Total RNA from 10 DIV WT and c-Abl-KO hippocampal neurons was extracted using TRIzol (Life Technologies, Carlsbad, CA, USA, 15596). Neurons were treated with 5 μM AβOs for 1, 3, 5 and 12 h. Fibrillary forms of the Aβ-peptide (Aβf) were used as control at 5 μM. Total RNA was reverse-transcribed into cDNA using the High Capacity cDNA Reverse Transcription kit (Applied Biosystems). Primers: c-Abl Forward: 5′ AGCATCACTAAAGGCGAGAA 3′; c-Abl Reverse: 5′ CACCCTCCCTTCATACCG 3′; GAPDH Forward: 5′ GGGTGTGAACCACGAGAAATA 3′; GAPDH Reverse: 5′ CTGTGGTCATGAGCCCTTC 3′.

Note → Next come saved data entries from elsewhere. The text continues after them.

lemma nonatomic_partition_sums:
  assumes fin: "finite_measure N" and na: "nonatomic N"
    and S: "S \<in> sets N" and t_nonneg: "\<And>n. 0 \<le> t n" and t_sums: "t sums measure N S"
  shows "\<exists>P. (\<forall>n. P n \<in> sets N \<and> P n \<subseteq> S \<and> measure N (P n) = t n \<and> (t n = 0 \<longrightarrow> P n = {}))
             \<and> disjoint_family P \<and> S - (\<Union>n. P n) \<in> null_sets N"
proof -
  interpret finite_measure N by (rule fin)
  have "\<exists>B. R \<in> sets N \<and> 0 \<le> x \<and> x \<le> measure N R \<longrightarrow>
          B \<in> sets N \<and> B \<subseteq> R \<and> measure N B = x \<and> (x = 0 \<longrightarrow> B = {})" for R x
    using nonatomic_exists_subset_measure[OF fin na, of R x] by (cases "x = 0") auto
  then obtain sel where sel: "\<And>R x. R \<in> sets N \<Longrightarrow> 0 \<le> x \<Longrightarrow> x \<le> measure N R \<Longrightarrow>
      sel R x \<in> sets N \<and> sel R x \<subseteq> R \<and> measure N (sel R x) = x \<and> (x = 0 \<longrightarrow> sel R x = {})"
    by metis
  define rest where "rest = rec_nat S (\<lambda>n R. R - sel R (t n))"
  define P where "P n = sel (rest n) (t n)" for n
  have rest_0: "rest 0 = S" and rest_Suc: "rest (Suc n) = rest n - P n" for n
    by (simp_all add: rest_def P_def)
  have partial_le: "(\<Sum>m<n. t m) \<le> measure N S" for n
    using sum_le_suminf[OF sums_summable[OF t_sums], of "{..<n}"] t_nonneg sums_unique[OF t_sums] by auto
  have rest: "rest n \<in> sets N \<and> rest n \<subseteq> S \<and> measure N (rest n) = measure N S - (\<Sum>m<n. t m)"
    and P: "P n \<in> sets N \<and> P n \<subseteq> rest n \<and> measure N (P n) = t n \<and> (t n = 0 \<longrightarrow> P n = {})" for n
  proof -
    have P_if: "P n \<in> sets N \<and> P n \<subseteq> rest n \<and> measure N (P n) = t n \<and> (t n = 0 \<longrightarrow> P n = {})"
      if "rest n \<in> sets N \<and> measure N (rest n) = measure N S - (\<Sum>m<n. t m)" for n
      using sel[of "rest n" "t n"] that t_nonneg partial_le[of "Suc n"] by (simp add: P_def)
    show rest: "rest n \<in> sets N \<and> rest n \<subseteq> S \<and> measure N (rest n) = measure N S - (\<Sum>m<n. t m)"
    proof (induction n)
      case (Suc n)
      with P_if[of n] have "measure N (rest n - P n) = measure N (rest n) - measure N (P n)"
        by (intro finite_measure_Diff) auto
      with Suc P_if[of n] show ?case by (auto simp: rest_Suc)
    qed (use S in \<open>simp add: rest_0\<close>)
    then show "P n \<in> sets N \<and> P n \<subseteq> rest n \<and> measure N (P n) = t n \<and> (t n = 0 \<longrightarrow> P n = {})"
      using P_if by blast
  qed
  have rest_antimono: "rest n \<subseteq> rest m" if "m \<le> n" for m n
    using that by (induction n) (auto simp: rest_Suc le_Suc_eq)
  have "P m \<inter> P n = {}" if "m < n" for m n
    using P[of n] rest_antimono[of "Suc m" n] that by (auto simp: rest_Suc)
  then have disj: "disjoint_family P"
    unfolding disjoint_family_on_def by (metis Int_commute linorder_neqE_nat)
  have P_sub: "P n \<subseteq> S" for n using P[of n] rest[of n] by blast
  have "(\<lambda>n. measure N (P n)) sums measure N (\<Union>n. P n)"
    using P disj by (intro finite_measure_UNION) auto
  then have "measure N (\<Union>n. P n) = measure N S"
    using P t_sums sums_unique2 by simp
  moreover have "measure N (S - (\<Union>n. P n)) = measure N S - measure N (\<Union>n. P n)"
    using P_sub P S by (intro finite_measure_Diff) auto
  ultimately have "S - (\<Union>n. P n) \<in> null_sets N"
    using P S by (intro null_setsI) (auto simp: emeasure_eq_measure)
  then show ?thesis using P P_sub disj by blast
qed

We use ImageJ for dendritic spine quantification every 10 μm of each secondary dendrite. We performed three independent experiments (mice cultures) with a total of four to five embryos per condition, and two to five dendrites per neuron analyzed for a total of 13–17 neurons per condition. The total number of spines is indicated in each figure. For spine profile analyses, we used quantifications for each type (Mushroom, Stubby, Thin, Filopodium and Branched) and normalized with the total number of dendritic spines per dendrite analyzed per neuron. All data are presented as Mean ± Mean Standard Error (SEM). Mean, SEM and SE values and the number of experiments are indicated in each figure. Spine quantification statistical analyses were performed using Mann–Whitney unpaired t-test for dendritic spine type analyses and two-way ANOVA, followed by Tukey’s post hoc multiple comparison test using GraphPad Prism 6 software for genotype/treatment comparisons. Pearson’s and Mander’s colocalization were performed using the ImageJ plugin COLOC2. The significance level was P < 0.05 for all treatments.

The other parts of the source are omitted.